We also looked for ultrastructural changes that might be related to immune response. In E. coecicola, we noted fusion of small vesicles (possibly lysosomes) with the parasitophorous vacuole within host lymphoid cells harboring sporozoites. Since this occurrence has been observed only in immune animals, this process is probably related to the immune reaction of the host cells. It should be pointed out that lymphoid cells carrying sporozoites can play the double role of vectors for the parasites and effector cells of the immune response.

Two steps should be distinguished in the endogenous development of coccidia: penetration of sporozoites, i.e., their first entry into host cells, and their migration within host tissues to the species-specific site. The first step was not conspicuously influenced by the host immune response to either E. coecicola or E. intestinalis, whereas the migration was affected and the number of sporozoites in the target sites was markedly reduced.

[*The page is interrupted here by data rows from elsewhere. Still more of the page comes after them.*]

lemma end1_perm_square:
  "1 \<le> j \<Longrightarrow> 2 * j \<le> n \<Longrightarrow> 1 \<le> i \<Longrightarrow> i \<le> n \<Longrightarrow>
    end1_perm n j (end1_perm n j i) =
      (if i \<le> j then j + 1 - i else if i \<le> n - j then i else 2 * n - j + 1 - i)"
  by (auto simp: end1_perm_def)

lemma end1_perm_avoids_312: "1 \<le> j \<Longrightarrow> 2 * j \<le> n \<Longrightarrow> avoids_312 (end1_perm n j) n"
  unfolding avoids_312_def by (auto simp: end1_perm_def split: if_splits)

lemma end1_perm_square_avoids_312:
  assumes "1 \<le> j" "2 * j \<le> n"
  shows "avoids_312 (end1_perm n j \<circ> end1_perm n j) n"
  unfolding avoids_312_def
proof (intro allI impI notI)
  fix a b c assume abc: "1 \<le> a" "a < b" "b < c" "c \<le> n"
    "(end1_perm n j \<circ> end1_perm n j) b < (end1_perm n j \<circ> end1_perm n j) c \<and>
     (end1_perm n j \<circ> end1_perm n j) c < (end1_perm n j \<circ> end1_perm n j) a"
  then show False using assms by (auto simp: end1_perm_square split: if_splits)
qed

locale strongly_312_ending_in_1 =
  fixes p :: "nat \<Rightarrow> nat" and n :: nat
  assumes perm: "p permutes {1..n}" and two_le_n: "2 \<le> n" and ends_in_1: "p n = 1"
    and avoids: "avoids_312 p n" and avoids_square: "avoids_312 (p \<circ> p) n"
begin

definition peak :: nat where
  "peak = inv p n"

lemma inj: "p a = p b \<Longrightarrow> a = b"
  using injD[OF permutes_inj[OF perm]] .

lemma bounds: "1 \<le> a \<Longrightarrow> a \<le> n \<Longrightarrow> 1 \<le> p a \<and> p a \<le> n"
  using permutes_in_seg[OF perm] by simp

lemma peak_bounds: "1 \<le> peak" "peak < n" "p peak = n"
proof -
  show p_peak: "p peak = n" unfolding peak_def by (rule permutes_inverses(1)[OF perm])
  then have "peak \<in> {1..n}" using permutes_in_image[OF perm, of peak] two_le_n by simp
  moreover have "peak \<noteq> n" using p_peak ends_in_1 two_le_n by auto
  ultimately show "1 \<le> peak" "peak < n" by auto
qed

lemma two_le_p_1: "2 \<le> p 1"
  using inj[of 1 n] ends_in_1 two_le_n bounds[of 1] by force

lemma decreasing_after_peak:
  assumes ab: "peak < a" "a < b" "b \<le> n"
  shows "p b < p a"
proof -
  have "p b \<noteq> p a" using inj ab by force
  moreover have "p b < n" using bounds[of b] ab peak_bounds inj[of b peak] by force
  moreover have "\<not> p a < p b"
    using avoids_312D[OF avoids, of peak a b] ab peak_bounds \<open>p b < n\<close> by auto
  ultimately show "p b < p a" by linarith
qed

lemma two_le_square:
  assumes a: "1 \<le> a" "a \<le> n" "a \<noteq> peak"
  shows "2 \<le> p (p a)"
proof -
  have "p (p a) \<noteq> 1"
  proof
    assume "p (p a) = 1"
    then have "p a = n" using inj ends_in_1 by metis
    then show False using inj peak_bounds a by metis
  qed
  moreover have "1 \<le> p (p a)" using bounds[of a] bounds[of "p a"] a by auto
  ultimately show "2 \<le> p (p a)" by linarith
qed

lemma square_before_peak:
  assumes a: "1 \<le> a" "a < peak"
  shows "p (p a) < p 1"
proof -
  have "p (p a) \<noteq> p 1"
  proof
    assume "p (p a) = p 1"
    then have "p a = 1" using inj by blast
    then have "a = n" using inj ends_in_1 by metis
    then show False using a peak_bounds by auto
  qed
  moreover have "\<not> p 1 < p (p a)"
    using avoids_312D[OF avoids_square, of a peak n] a peak_bounds ends_in_1 two_le_p_1 by auto
  ultimately show "p (p a) < p 1" by linarith
qed

text \<open>The squares of the first peak - 1 entries are distinct values in {2..<p 1}.\<close>

lemma peak_less_p_1: "peak < p 1"
proof (cases "peak = 1")
  case True
  then show ?thesis using two_le_p_1 by simp
next
  case False
  have "inj_on (\<lambda>a. p (p a)) {1..<peak}" by (rule inj_onI) (use inj in blast)
  moreover have "(\<lambda>a. p (p a)) ` {1..<peak} \<subseteq> {2..<p 1}"
    using square_before_peak two_le_square peak_bounds by auto
  ultimately have "card {1..<peak} \<le> card {2..<p 1}" by (rule card_inj_on_le) auto
  then have "peak - 1 \<le> p 1 - 2" by simp
  then show ?thesis using False peak_bounds(1) two_le_p_1 by linarith
qed

lemma decreasing_below_p_1:
  assumes ab: "1 < a" "a < b" "b \<le> n" "p a < p 1" "p b < p 1"
  shows "p b < p a"
proof -
  have "p b \<noteq> p a" using inj ab by force
  moreover have "\<not> p a < p b" using avoids_312D[OF avoids, of 1 a b] ab by auto
  ultimately show "p b < p a" by linarith
qed

lemma after_peak_below_p_1:
  assumes b: "peak < b" "b \<le> n"
  shows "p b < p 1"
proof -
  have next_below: "p (peak + 1) < p 1"
    \<comment> \<open>otherwise positions 1, peak, peak + 1 carry a 312 in p \<circ> p\<close>
  proof (rule ccontr)
    assume "\<not> p (peak + 1) < p 1"
    moreover have "p (peak + 1) \<noteq> p 1" using inj[of "peak + 1" 1] peak_bounds by auto
    ultimately have above: "p 1 < p (peak + 1)" by simp
    have le_n: "p (peak + 1) \<le> n" using bounds[of "peak + 1"] peak_bounds by auto
    have "peak \<noteq> 1" using above le_n peak_bounds by auto
    moreover have "p (p (peak + 1)) < p (p 1)"
      using decreasing_after_peak[of "p 1" "p (peak + 1)"] peak_less_p_1 above le_n by auto
    moreover have "2 \<le> p (p (peak + 1))" using two_le_square[of "peak + 1"] peak_bounds by auto
    ultimately show False
      using avoids_312D[OF avoids_square, of 1 peak "peak + 1"] peak_bounds ends_in_1 by auto
  qed
  show "p b < p 1"
  proof (cases "b = peak + 1")
    case False
    then have "p b < p (peak + 1)" using decreasing_after_peak[of "peak + 1" b] b by auto
    then show ?thesis using next_below by simp
  qed (use next_below in simp)
qed

lemma after_peak_below_before:
  assumes ab: "1 \<le> a" "a \<le> peak" "peak < b" "b \<le> n"
  shows "p b < p a"
proof -
  have "a = 1 \<or> p a \<noteq> p 1" using inj[of a 1] by blast
  then consider "a = peak" | "a = 1" | "1 < a" "a < peak" "p 1 < p a" | "1 < a" "a < peak" "p a < p 1"
    using ab by linarith
  then show ?thesis
  proof cases
    case 1
    then show ?thesis using bounds[of b] ab inj[of b peak] peak_bounds by force
  next
    case 2
    then show ?thesis using after_peak_below_p_1 ab by simp
  next
    case 3
    then show ?thesis using after_peak_below_p_1[OF ab(3,4)] by simp
  next
    case 4
    then show ?thesis using decreasing_below_p_1[of a b] after_peak_below_p_1[OF ab(3,4)] ab by auto
  qed
qed

lemma after_peak_eq:
  assumes b: "peak < b" "b \<le> n"
  shows "p b = n + 1 - b"
proof -
  have "{c\<in>{1..n}. p c < p b} = {b<..n}"
  proof (intro set_eqI iffI)
    fix c assume c: "c \<in> {c\<in>{1..n}. p c < p b}"
    consider "c \<le> peak" | "peak < c" "c < b" | "b \<le> c" by linarith
    then show "c \<in> {b<..n}"
    proof cases
      case 1 then show ?thesis using after_peak_below_before[of c b] c b by auto
    next
      case 2 then show ?thesis using decreasing_after_peak[of c b] c b by auto
    next
      case 3 then show ?thesis using c by (cases "c = b") auto
    qed
  next
    fix c assume "c \<in> {b<..n}"
    then show "c \<in> {c\<in>{1..n}. p c < p b}" using decreasing_after_peak[of b c] b by auto
  qed
  then show "p b = n + 1 - b" using permutes_rank[OF perm, of b] b peak_bounds by auto
qed

text \<open>Otherwise the value peak occurs neither after the peak (values there are n + 1 - a < peak)
  nor before it (p (p a) = n would be below p 1).\<close>

lemma double_peak_le: "2 * peak \<le> n"
proof (rule ccontr)
  assume "\<not> 2 * peak \<le> n"
  obtain a where a: "a \<in> {1..n}" "p a = peak" using permutes_preimage[OF perm, of peak] peak_bounds by auto
  consider "peak < a" | "a = peak" | "a < peak" by linarith
  then show False
  proof cases
    case 1 then show False using after_peak_eq[of a] a \<open>\<not> 2 * peak \<le> n\<close> by auto
  next
    case 2 then show False using a peak_bounds by auto
  next
    case 3 then show False using square_before_peak[of a] a peak_bounds two_le_p_1 bounds[of 1] by auto
  qed
qed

In chickens, the migration of sporozoites is also influenced by the host immune response. In Eimeria tenella, Rose et al. (1984) noted a marked reduction in the numbers of developing parasites in immune chickens compared to their nonimmune counterparts. This effect was due, at least partially, to failure of sporozoites transported by IEL to transfer to crypt enterocytes. Riley and Fernando (1988) found that in immune, compared to nonimmune birds, a significantly greater number of IEL harboring sporozoites of Eimeria maxima tended to remain in the lamina propria rather than migrate to the target site, i.e., crypts.

Taken together, the early events in the life cycle of chicken and rabbit coccidia are similar, but the rabbit species have at least two peculiarities: (a) nonspecific site of penetration and (b) massive extraintestinal migration of sporozoites demonstrated presently in E. coecicola. This extraintestinal migration is also most probably the rule in Eimeria stiedai (Horton 1967; Fitzgerald 1972, 1974).